(Dataset records)
____________________
(* Let $u,v$ be sufficiently large positive real numbers such that $v^{9/10}\le u\le2v$. Let $t>1$ be a real number that is not an integer expressible as a sum of two squares, such that $|u-t|\le v^{1/3}$. Then \[ \sum_{m:\,|m-u|>v^{1/2}}r(m)\Big(\frac1{m-t}-\frac{m}{m^2+1}\Big)=-\pi\log t+O(1). \]
   Context: $r(m)=\#\{(a,b)\in\mathbb Z^2:a^2+b^2=m\}$; the sum is over integers $m\ge1$. *)

theory Defs
  imports "HOL-Analysis.Analysis"
begin

definition r2 :: "nat \<Rightarrow> nat" where
  "r2 m = card {p :: int \<times> int. (fst p)^2 + (snd p)^2 = int m}"

end

(*
  Write r(m) = pi + (r(m) - pi).  Counting lattice points column by column and comparing with
  the area of a quarter disc gives the Gauss bound |#{a^2 + b^2 <= n} - pi n| <= 4 sqrt n + 1,
  so the partial sums of r(m) - pi are O(sqrt n).  Partial summation then bounds the
  contribution of r(m) - pi against the kernel 1/(m - t) - m/(m^2 + 1) by O(1): the excluded
  window around t has half-width w = sqrt v >= sqrt (t/3), so sqrt m / |m - t| = O(1) at its
  edges, and beyond them sqrt m times the variation of 1/(m - t) telescopes against
  1/sqrt (m - t).  For the constant part pi, the sums of 1/(m - t) and of m/(m^2 + 1) are
  compared with logarithms; as both edges of the window are at distance about w from t,
  everything cancels up to O(1) except -log t.  Finally, the terms with m > t are nonnegative,
  so the bound on the partial sums yields both the existence of the infinite sum and the same
  bound for it.
*)

theory Submission
  imports Defs "HOL-Real_Asymp.Real_Asymp"
begin

lemma sqrt_of_nat_le: "sqrt (real n) \<le> real n"
proof (cases "n = 0")
  case False
  then have "sqrt (real n) * 1 \<le> sqrt (real n) * sqrt (real n)"
    by (intro mult_left_mono) auto
  then show ?thesis
    by simp
qed simp

lemma ln_diff_le_of_le_mult:
  fixes x y c :: real
  assumes "0 < x" and "0 < y" and "x \<le> c * y"
  shows "ln x - ln y \<le> c - 1"
proof -
  have "ln x - ln y \<le> (x - y) / y"
    using assms(1,2) by (rule ln_diff_le)
  also have "\<dots> \<le> c - 1"
    using assms(2,3) by (simp add: divide_simps left_diff_distrib)
  finally show ?thesis .
qed

lemma sum_le_telescope:
  fixes x h :: "nat \<Rightarrow> real"
  assumes "p \<le> q" and "\<And>m. p \<le> m \<Longrightarrow> m < q \<Longrightarrow> x m \<le> h (Suc m) - h m"
  shows "(\<Sum>m\<in>{p..<q}. x m) \<le> h q - h p"
  using sum_mono[of "{p..<q}" x "\<lambda>m. h (Suc m) - h m"] assms by (simp add: sum_Suc_diff')

lemma telescope_le_sum:
  fixes x h :: "nat \<Rightarrow> real"
  assumes "p \<le> q" and "\<And>m. p \<le> m \<Longrightarrow> m < q \<Longrightarrow> h (Suc m) - h m \<le> x m"
  shows "h q - h p \<le> (\<Sum>m\<in>{p..<q}. x m)"
  using sum_mono[of "{p..<q}" "\<lambda>m. h (Suc m) - h m" x] assms by (simp add: sum_Suc_diff')

section \<open>Lattice points in a disc\<close>

lemma abs_le_power2_int: "\<bar>a\<bar> \<le> (a :: int)\<^sup>2"
proof (cases "a = 0")
  case False
  then have "\<bar>a\<bar> * 1 \<le> \<bar>a\<bar> * \<bar>a\<bar>"
    by (intro mult_left_mono) auto
  then show ?thesis
    by (simp add: power2_eq_square abs_mult_self_eq)
qed simp

lemma int_power2_le_subset: "{b::int. b\<^sup>2 \<le> X} \<subseteq> {-X..X}"
proof -
  have "-X \<le> b \<and> b \<le> X" if "b\<^sup>2 \<le> X" for b
    using that abs_le_power2_int[of b] unfolding abs_le_iff by linarith
  then show ?thesis
    by auto
qed

lemma finite_int_power2_le: "finite {b::int. b\<^sup>2 \<le> X}"
  using int_power2_le_subset by (rule finite_subset) simp

lemma card_int_power2_le:
  fixes X :: int
  assumes "0 \<le> X"
  shows "card {b::int. b\<^sup>2 \<le> X} = 2 * nat \<lfloor>sqrt (of_int X)\<rfloor> + 1"
proof -
  define k where "k = \<lfloor>sqrt (of_int X)\<rfloor>"
  have "b\<^sup>2 \<le> X \<longleftrightarrow> -k \<le> b \<and> b \<le> k" for b :: int
  proof -
    have "b\<^sup>2 \<le> X \<longleftrightarrow> sqrt (of_int (b\<^sup>2)) \<le> sqrt (of_int X)"
      by (simp only: real_sqrt_le_iff of_int_le_iff)
    also have "\<dots> \<longleftrightarrow> \<bar>b\<bar> \<le> k"
      by (simp add: k_def le_floor_iff)
    finally show ?thesis
      by (simp only: abs_le_iff) linarith
  qed
  then have "{b::int. b\<^sup>2 \<le> X} = {-k..k}"
    by (simp add: set_eq_iff)
  moreover have "0 \<le> k"
    using assms by (simp add: k_def)
  ultimately show ?thesis
    by (simp add: k_def[symmetric] nat_add_distrib nat_mult_distrib)
qed

lemma card_int_power2_le_approx:
  fixes X :: int
  shows "\<bar>real (card {b::int. b\<^sup>2 \<le> X}) - 2 * sqrt (max 0 (of_int X))\<bar> \<le> of_bool (0 \<le> X)"
proof (cases "0 \<le> X")
  case True
  define s where "s = sqrt (of_int X)"
  have "real (card {b::int. b\<^sup>2 \<le> X}) = 2 * real_of_int \<lfloor>s\<rfloor> + 1"
    using card_int_power2_le[OF True] True by (simp add: s_def)
  moreover have "\<bar>2 * real_of_int \<lfloor>s\<rfloor> + 1 - 2 * s\<bar> \<le> 1"
    unfolding abs_le_iff by linarith
  ultimately show ?thesis
    using True by (simp add: s_def)
next
  case False
  then have "\<not> b\<^sup>2 \<le> X" for b :: int
    using zero_le_power2[of b] by linarith
  then have "{b::int. b\<^sup>2 \<le> X} = {}"
    by simp
  then show ?thesis
    using False by simp
qed

definition lattice_disc :: "nat \<Rightarrow> (int \<times> int) set" where
  "lattice_disc n = {p. (fst p)\<^sup>2 + (snd p)\<^sup>2 \<le> int n}"

lemma lattice_disc_eq_Sigma:
  "lattice_disc n = (SIGMA a:{-int n..int n}. {b. b\<^sup>2 \<le> int n - a\<^sup>2})"
proof -
  have "-int n \<le> a \<and> a \<le> int n" if "a\<^sup>2 + b\<^sup>2 \<le> int n" for a b :: int
    using that abs_le_power2_int[of a] zero_le_power2[of b] unfolding abs_le_iff by linarith
  then show ?thesis
    by (auto simp: lattice_disc_def)
qed

lemma finite_lattice_disc: "finite (lattice_disc n)"
  unfolding lattice_disc_eq_Sigma by (simp add: finite_int_power2_le)

lemma card_lattice_disc_eq_sum_fibers:
  "card (lattice_disc n) = (\<Sum>a\<in>{-int n..int n}. card {b. b\<^sup>2 \<le> int n - a\<^sup>2})"
  unfolding lattice_disc_eq_Sigma by (simp add: finite_int_power2_le)

lemma r2_0: "r2 0 = 1"
proof -
  have "{p :: int \<times> int. (fst p)\<^sup>2 + (snd p)\<^sup>2 = 0} = {(0, 0)}"
    by auto
  then show ?thesis
    by (simp add: r2_def)
qed

lemma sum_r2_eq_card_lattice_disc: "(\<Sum>m\<le>n. r2 m) = card (lattice_disc n)"
proof (induction n)
  case 0
  have "lattice_disc 0 = {(0, 0)}"
    by (auto simp: lattice_disc_def sum_power2_le_zero_iff)
  then show ?case
    by (simp add: r2_0)
next
  case (Suc n)
  define level where "level = {p :: int \<times> int. (fst p)\<^sup>2 + (snd p)\<^sup>2 = int (Suc n)}"
  have "lattice_disc (Suc n) = lattice_disc n \<union> level"
    by (auto simp: lattice_disc_def level_def)
  moreover have "finite level"
    by (rule finite_subset[OF _ finite_lattice_disc[of "Suc n"]]) (auto simp: lattice_disc_def level_def)
  moreover have "lattice_disc n \<inter> level = {}"
    by (auto simp: lattice_disc_def level_def)
  ultimately have "card (lattice_disc (Suc n)) = card (lattice_disc n) + card level"
    by (simp add: card_Un_disjoint finite_lattice_disc)
  then show ?case
    using Suc by (simp add: r2_def level_def)
qed

lemma sum_symmetric_int:
  fixes f :: "int \<Rightarrow> 'a::comm_ring_1"
  shows "(\<Sum>a\<in>{-int n..int n}. f \<bar>a\<bar>) = 2 * (\<Sum>j\<le>n. f (int j)) - f 0"
proof (induction n)
  case (Suc n)
  have "{-int (Suc n)..int (Suc n)} = insert (-int (Suc n)) (insert (int (Suc n)) {-int n..int n})"
    by auto
  then show ?case
    using Suc by (simp add: algebra_simps)
qed simp

lemma has_real_derivative_circle_primitive:
  fixes r x :: real
  assumes "\<bar>x\<bar> < r"
  shows "((\<lambda>x. (x * sqrt (r\<^sup>2 - x\<^sup>2) + r\<^sup>2 * arcsin (x / r)) / 2) has_real_derivative sqrt (r\<^sup>2 - x\<^sup>2)) (at x)"
proof -
  define s where "s = sqrt (r\<^sup>2 - x\<^sup>2)"
  have r: "0 < r"
    using assms by linarith
  have pos: "0 < r\<^sup>2 - x\<^sup>2"
    using power_strict_mono[OF assms abs_ge_zero, of 2] by simp
  then have s: "0 < s" "s\<^sup>2 = r\<^sup>2 - x\<^sup>2"
    by (simp_all add: s_def)
  have x_r: "-1 < x / r" "x / r < 1"
    using assms r by (auto simp: abs_less_iff field_simps)
  have "((\<lambda>x. r\<^sup>2 - x\<^sup>2) has_real_derivative - (2 * x)) (at x)"
    by (auto intro!: derivative_eq_intros)
  from DERIV_chain2[OF DERIV_real_sqrt this] pos
  have sqrt: "((\<lambda>x. sqrt (r\<^sup>2 - x\<^sup>2)) has_real_derivative - x / s) (at x)"
    by (simp add: s_def field_simps)
  have "((\<lambda>x. x / r) has_real_derivative 1 / r) (at x)"
    using r by (auto intro!: derivative_eq_intros)
  moreover have "sqrt (1 - (x / r)\<^sup>2) = s / r"
    using r by (simp add: s_def field_simps real_sqrt_divide)
  ultimately have arcsin: "((\<lambda>x. arcsin (x / r)) has_real_derivative 1 / s) (at x)"
    using DERIV_chain2[OF DERIV_arcsin] x_r r by fastforce
  have "((\<lambda>x. (x * sqrt (r\<^sup>2 - x\<^sup>2) + r\<^sup>2 * arcsin (x / r)) / 2) has_real_derivative
          (x * (- x / s) + 1 * sqrt (r\<^sup>2 - x\<^sup>2) + r\<^sup>2 * (1 / s)) / 2) (at x)"
    by (intro DERIV_cdivide DERIV_add DERIV_mult' DERIV_ident DERIV_cmult sqrt arcsin)
  moreover have "(x * (- x / s) + 1 * sqrt (r\<^sup>2 - x\<^sup>2) + r\<^sup>2 * (1 / s)) / 2 = s"
    unfolding s_def[symmetric] using s by (simp add: field_simps power2_eq_square)
  ultimately show ?thesis
    unfolding s_def by (rule DERIV_cong)
qed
____________________
» EXERCISE GOAL
Quote only the stretch of lines that starts the data above and ends with the line containing "fixes x y c :: real", both included.

» ANSWER SECTION
(* Let $u,v$ be sufficiently large positive real numbers such that $v^{9/10}\le u\le2v$. Let $t>1$ be a real number that is not an integer expressible as a sum of two squares, such that $|u-t|\le v^{1/3}$. Then \[ \sum_{m:\,|m-u|>v^{1/2}}r(m)\Big(\frac1{m-t}-\frac{m}{m^2+1}\Big)=-\pi\log t+O(1). \]
   Context: $r(m)=\#\{(a,b)\in\mathbb Z^2:a^2+b^2=m\}$; the sum is over integers $m\ge1$. *)

theory Defs
  imports "HOL-Analysis.Analysis"
begin

definition r2 :: "nat \<Rightarrow> nat" where
  "r2 m = card {p :: int \<times> int. (fst p)^2 + (snd p)^2 = int m}"

end

(*
  Write r(m) = pi + (r(m) - pi).  Counting lattice points column by column and comparing with
  the area of a quarter disc gives the Gauss bound |#{a^2 + b^2 <= n} - pi n| <= 4 sqrt n + 1,
  so the partial sums of r(m) - pi are O(sqrt n).  Partial summation then bounds the
  contribution of r(m) - pi against the kernel 1/(m - t) - m/(m^2 + 1) by O(1): the excluded
  window around t has half-width w = sqrt v >= sqrt (t/3), so sqrt m / |m - t| = O(1) at its
  edges, and beyond them sqrt m times the variation of 1/(m - t) telescopes against
  1/sqrt (m - t).  For the constant part pi, the sums of 1/(m - t) and of m/(m^2 + 1) are
  compared with logarithms; as both edges of the window are at distance about w from t,
  everything cancels up to O(1) except -log t.  Finally, the terms with m > t are nonnegative,
  so the bound on the partial sums yields both the existence of the infinite sum and the same
  bound for it.
*)

theory Submission
  imports Defs "HOL-Real_Asymp.Real_Asymp"
begin

lemma sqrt_of_nat_le: "sqrt (real n) \<le> real n"
proof (cases "n = 0")
  case False
  then have "sqrt (real n) * 1 \<le> sqrt (real n) * sqrt (real n)"
    by (intro mult_left_mono) auto
  then show ?thesis
    by simp
qed simp

lemma ln_diff_le_of_le_mult:
  fixes x y c :: real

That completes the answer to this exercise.